What to produce
Find the lines holding the string "bool" in the data, then copy all of them.

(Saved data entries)
(* Let $d\ge1$, $p>1$ with $p(d-2)<d$, $q=p/(p-1)$. For $a>0$ let $\rho(a)=\inf\{a\|h\|_2^2+\tfrac12\|\nabla h\|_2^2:\ h\in L^{2p}(\mathbb R^d),\ \|h\|_{2p}=1\}$, and let $\chi_{d,p}=\inf\{\tfrac12\|\nabla g\|_2^2:\ g\in L^2(\mathbb R^d)\cap L^{2p}(\mathbb R^d),\ \|g\|_2=\|g\|_{2p}=1\}$. Then $$\inf\{a-\rho(a):\ a>0\}=-\chi_{d,p}.$$
   Context: $\|\cdot\|_r$ is the $L^r(\mathbb R^d)$ norm; $\nabla$ the weak gradient with $\|\nabla h\|_2^2=\sum_i\|\partial_ih\|_2^2$ ($+\infty$ if $h\notin H^1$). *)

theory Defs
  imports "HOL-Analysis.Analysis"
begin

text \<open>Functions on R^d are modelled as real-valued functions on a Euclidean space 'a,
  with d = DIM('a); the partial derivatives are taken along the basis vectors.\<close>

fun Ck :: "nat \<Rightarrow> ('a::euclidean_space \<Rightarrow> real) \<Rightarrow> bool" where
  "Ck 0 f = continuous_on UNIV f"
| "Ck (Suc k) f = (continuous_on UNIV f \<and>
     (\<exists>D. (\<forall>x. (f has_derivative D x) (at x)) \<and> (\<forall>b\<in>Basis. Ck k (\<lambda>x. D x b))))"

definition test_fn :: "('a::euclidean_space \<Rightarrow> real) \<Rightarrow> bool" where
  "test_fn \<phi> \<longleftrightarrow> (\<forall>k. Ck k \<phi>) \<and> compact (closure {x. \<phi> x \<noteq> 0})"

definition loc_int :: "('a::euclidean_space \<Rightarrow> real) \<Rightarrow> bool" where
  "loc_int f \<longleftrightarrow> f \<in> borel_measurable lebesgue \<and>
     (\<forall>K. compact K \<longrightarrow> set_integrable lebesgue K f)"

definition weak_partial :: "('a::euclidean_space \<Rightarrow> real) \<Rightarrow> 'a \<Rightarrow> ('a \<Rightarrow> real) \<Rightarrow> bool" where
  "weak_partial h b g \<longleftrightarrow> loc_int h \<and> loc_int g \<and>
     (\<forall>\<phi>. test_fn \<phi> \<longrightarrow>
        (LINT x|lebesgue. h x * frechet_derivative \<phi> (at x) b) = - (LINT x|lebesgue. g x * \<phi> x))"

definition Lpow :: "real \<Rightarrow> ('a::euclidean_space \<Rightarrow> real) \<Rightarrow> ennreal" where
  "Lpow r h = (\<integral>\<^sup>+ x. ennreal (\<bar>h x\<bar> powr r) \<partial>lebesgue)"

definition memLp :: "real \<Rightarrow> ('a::euclidean_space \<Rightarrow> real) \<Rightarrow> bool" where
  "memLp r h \<longleftrightarrow> h \<in> borel_measurable lebesgue \<and> Lpow r h < \<infinity>"

definition Lnorm :: "real \<Rightarrow> ('a::euclidean_space \<Rightarrow> real) \<Rightarrow> real" where
  "Lnorm r h = enn2real (Lpow r h) powr (1 / r)"
(* Let $q$ be odd, and for $a\in\mathbb{F}_{q^3}$ let $\operatorname{T}(a)=a+a^q+a^{q^2}$ and $\operatorname{N}(a)=a^{1+q+q^2}$ denote the trace and norm from $\mathbb{F}_{q^3}$ to $\mathbb{F}_q$. Then for arbitrary $\beta,\gamma\in\mathbb{F}_q$ there exists $s\in\mathbb{F}_{q^3}\setminus\mathbb{F}_q$ such that $$\operatorname{T}\big(s(s+\beta)\big)+\operatorname{N}(s)=-\gamma.$$ In particular, let $\alpha\in\overline{\mathbb{F}}_q$ be a root of unity of order $q^2+q+1$, let $$f_3(X)=(X-1)^2(X-\alpha)(X-\alpha^{-1})(X-\alpha^{q})(X-\alpha^{-q})(X-\alpha^{q+1})(X-\alpha^{-q-1}),$$ and let $D$ be the $8\times8$ matrix over $\mathbb{F}_{q^3}(t,s)$ (with $t,s$ indeterminates) $$D=\begin{pmatrix}-t&-(s^{1+q+q^2}+s^{q^2}t^q+t^{q^2}s)&s^{1+q}+t^q&-t^{q^2}&-s&s^{q^2}&1&0\\-1&0&0&0&0&0&0&0\\0&-(s^{q+q^2}+t^{q^2})&s^q&0&-1&0&0&0\\0&-s^{q^2}&1&0&0&0&0&0\\0&-t^q&0&s^q&0&1&0&0\\0&-s&0&-1&0&0&0&0\\0&-t&0&0&0&0&0&-1\\0&1&0&0&0&0&0&0\end{pmatrix};$$ then there is a specialization $t\mapsto t_0$, $s\mapsto s_0$ with $t_0,s_0\in\mathbb{F}_{q^3}$ under which the characteristic polynomial of $D$ becomes $f_3$. *)

theory Defs
  imports "Jordan_Normal_Form.Char_Poly"
begin

text \<open>The field F_{q^3} is modelled as a finite field type 'a with CARD('a) = q^3;
  the subfield F_q is the set of elements x with x^q = x.\<close>

definition Tr3 :: "nat \<Rightarrow> 'a::field \<Rightarrow> 'a" where
  "Tr3 q a = a + a ^ q + a ^ (q ^ 2)"

definition Nm3 :: "nat \<Rightarrow> 'a::field \<Rightarrow> 'a" where
  "Nm3 q a = a ^ (1 + q + q ^ 2)"
lemma mem_Bball_stage_iff:
  "x \<in> Bball_stage p i \<longleftrightarrow> covered i (map p [0..<i]) (prefix_code i x)"
proof
  assume "x \<in> Bball_stage p i"
  then obtain t where t: "t < i" "length (list_decode (p t - 1)) \<le> i" "x \<in> Bball (p t)"
    unfolding Bball_stage_def by blast
  then show "covered i (map p [0..<i]) (prefix_code i x)"
    unfolding covered_def by (auto simp: Bball_iff bit_prefix_code intro!: exI[of _ t])
next
  assume "covered i (map p [0..<i]) (prefix_code i x)"
  then obtain t where t: "t < i" "p t \<noteq> 0" "length (list_decode (p t - 1)) \<le> i"
    "\<forall>e<length (list_decode (p t - 1)). odd (list_decode (p t - 1) ! e) = bit (prefix_code i x) e"
    unfolding covered_def by auto
  then have "x \<in> Bball (p t)" by (auto simp: Bball_iff bit_prefix_code)
  then show "x \<in> Bball_stage p i" unfolding Bball_stage_def using t by blast
qed

lemma measure_Bball_stage:
  "measure cantor_measure (Bball_stage p i) = covered_count i (map p [0..<i]) * (1/2)^i"
  unfolding covered_count_def by (rule measure_eq_count_cells) (rule mem_Bball_stage_iff)

lemma Bball_stage_sets: "Bball_stage p i \<in> sets cantor_measure"
  unfolding Bball_stage_def by (intro sets.countable_UN) (auto simp: Bball_sets)

lemma Bball_stage_mono: "i \<le> i' \<Longrightarrow> Bball_stage p i \<subseteq> Bball_stage p i'"
  unfolding Bball_stage_def by (rule UN_mono) auto
lemma prob_qLRC_Z_error_le:
  fixes y :: "nat \<Rightarrow> 'a::{field,finite}"
  assumes y: "y \<in> vecs n" and len: "2 * (n div r) + 2 * l \<le> n"
  shows "measure_pmf.prob (random_qLRC n r l) {s. y \<in> kerm n (snd s) - dual n (kerm n (fst s))}
           \<le> (1 / real CARD('a)) ^ l"
  unfolding random_qLRC_def
proof (rule prob_bind_pmf_le)
  let ?E = "{s. y \<in> kerm n (snd s) - dual n (kerm n (fst s))}"
  fix s :: "(nat \<Rightarrow> 'a) list \<times> (nat \<Rightarrow> 'a) list"
  assume "s \<in> set_pmf (iter_pmf l (stepX n) (HX0 n r, HZ0 n r))"
  then obtain vs where s: "s = (HX0 n r @ vs, HZ0 n r)" "length vs = l"
    by (auto dest: set_pmf_iter_stepX)
  show "measure_pmf.prob (iter_pmf l (stepZ n) s) ?E \<le> (1 / real CARD('a)) ^ l"
  proof (cases "y \<in> dual n (kerm n (fst s))")
    case True
    then have "set_pmf (iter_pmf l (stepZ n) s) \<inter> ?E = {}"
      by (auto dest!: set_pmf_iter_stepZ)
    then show ?thesis
      by (simp add: measure_pmf_zero_iff[THEN iffD2])
  next
    case False
    have "measure_pmf.prob (iter_pmf l (stepZ n) s) ?E
        \<le> measure_pmf.prob (iter_pmf l (stepZ n) s) {s. y \<in> kerm n (snd s)}"
      by (rule measure_pmf.finite_measure_mono) auto
    also have "\<dots> \<le> (1 / real CARD('a)) ^ l"
      unfolding s(1) by (rule prob_iter_stepZ_kerm_le) (use y False s len in simp_all)
    finally show ?thesis .
  qed
qed simp

section \<open>Counting low-weight vectors\<close>

definition low_weight_vecs :: "nat \<Rightarrow> real \<Rightarrow> (nat \<Rightarrow> 'a::zero) set" where
  "low_weight_vecs n d = {y \<in> vecs n. y \<noteq> (\<lambda>_. 0) \<and> real (hweight n y) < d}"

lemma hweight_le: "hweight n y \<le> n"
  unfolding hweight_def by (rule order_trans[OF card_mono[of "{..<n}"]]) auto

lemma prod_if_zero_eq_hweight:
  fixes y :: "nat \<Rightarrow> 'a::zero" and a b :: "'b::comm_monoid_mult"
  shows "(\<Prod>i<n. if y i = 0 then a else b) = a ^ (n - hweight n y) * b ^ hweight n y"
proof -
  have "{..<n} \<inter> - {i. y i = 0} = {i. i < n \<and> y i \<noteq> 0}"
    by auto
  moreover have "{..<n} \<inter> {i. y i = 0} = {..<n} - {i. i < n \<and> y i \<noteq> 0}"
    by auto
  moreover have "card ({..<n} - {i. i < n \<and> y i \<noteq> 0}) = n - hweight n y"
    unfolding hweight_def by (subst card_Diff_subset) auto
  ultimately show ?thesis
    by (simp add: prod.If_cases hweight_def)
qed

lemma Hq_mult_ln:
  "1 < q \<Longrightarrow> Hq q \<delta> * ln q = \<delta> * ln (q - 1) - \<delta> * ln \<delta> - (1 - \<delta>) * ln (1 - \<delta>)"
  by (simp add: Hq_def log_def field_simps)

text \<open>The right-hand side is the probability of a word of weight w when each coordinate is
  independently 0 with probability 1 - \<delta> and each nonzero symbol with probability \<delta>/(q - 1).\<close>
lemma powr_minus_Hq_le:
  fixes q \<delta> :: real and n w :: nat
  assumes q: "1 < q" and \<delta>: "0 < \<delta>" "\<delta> \<le> 1 - 1 / q" and w: "w \<le> n" "real w \<le> \<delta> * real n"
  shows "q powr (- Hq q \<delta> * real n) \<le> (1 - \<delta>) ^ (n - w) * (\<delta> / (q - 1)) ^ w"
proof -
  define a where "a = 1 - \<delta>"
  define b where "b = \<delta> / (q - 1)"
  have "0 < 1 / q" using q by simp
  then have a_pos: "0 < a" using \<delta> unfolding a_def by linarith
  have b_pos: "0 < b" using q \<delta> by (simp add: b_def)
  have "b \<le> a"
    using q \<delta> by (simp add: a_def b_def field_simps)
  then have "0 \<le> (\<delta> * real n - real w) * (ln a - ln b)"
    using a_pos b_pos w by (intro mult_nonneg_nonneg) auto
  then have weight: "real n * (\<delta> * ln b + (1 - \<delta>) * ln a) \<le> real (n - w) * ln a + real w * ln b"
    using w by (simp add: algebra_simps)
  have ln_b: "ln b = ln \<delta> - ln (q - 1)"
    using q \<delta> by (simp add: b_def ln_div)
  have "ln (q powr (- Hq q \<delta> * real n)) = - real n * (Hq q \<delta> * ln q)"
    using q by (simp add: mult_ac)
  also have "\<dots> = real n * (\<delta> * ln b + (1 - \<delta>) * ln a)"
    unfolding Hq_mult_ln[OF q] ln_b a_def by (simp add: algebra_simps)
  also note weight
  also have "real (n - w) * ln a + real w * ln b = ln (a ^ (n - w) * b ^ w)"
    using a_pos b_pos by (simp add: ln_mult ln_realpow)
  finally have "ln (q powr (- Hq q \<delta> * real n)) \<le> ln (a ^ (n - w) * b ^ w)" .
  then show ?thesis
    using q a_pos b_pos unfolding a_def b_def by (subst (asm) ln_le_cancel_iff) auto
qed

Written response
fun Ck :: "nat \<Rightarrow> ('a::euclidean_space \<Rightarrow> real) \<Rightarrow> bool" where
definition test_fn :: "('a::euclidean_space \<Rightarrow> real) \<Rightarrow> bool" where
definition loc_int :: "('a::euclidean_space \<Rightarrow> real) \<Rightarrow> bool" where
definition weak_partial :: "('a::euclidean_space \<Rightarrow> real) \<Rightarrow> 'a \<Rightarrow> ('a \<Rightarrow> real) \<Rightarrow> bool" where
definition memLp :: "real \<Rightarrow> ('a::euclidean_space \<Rightarrow> real) \<Rightarrow> bool" where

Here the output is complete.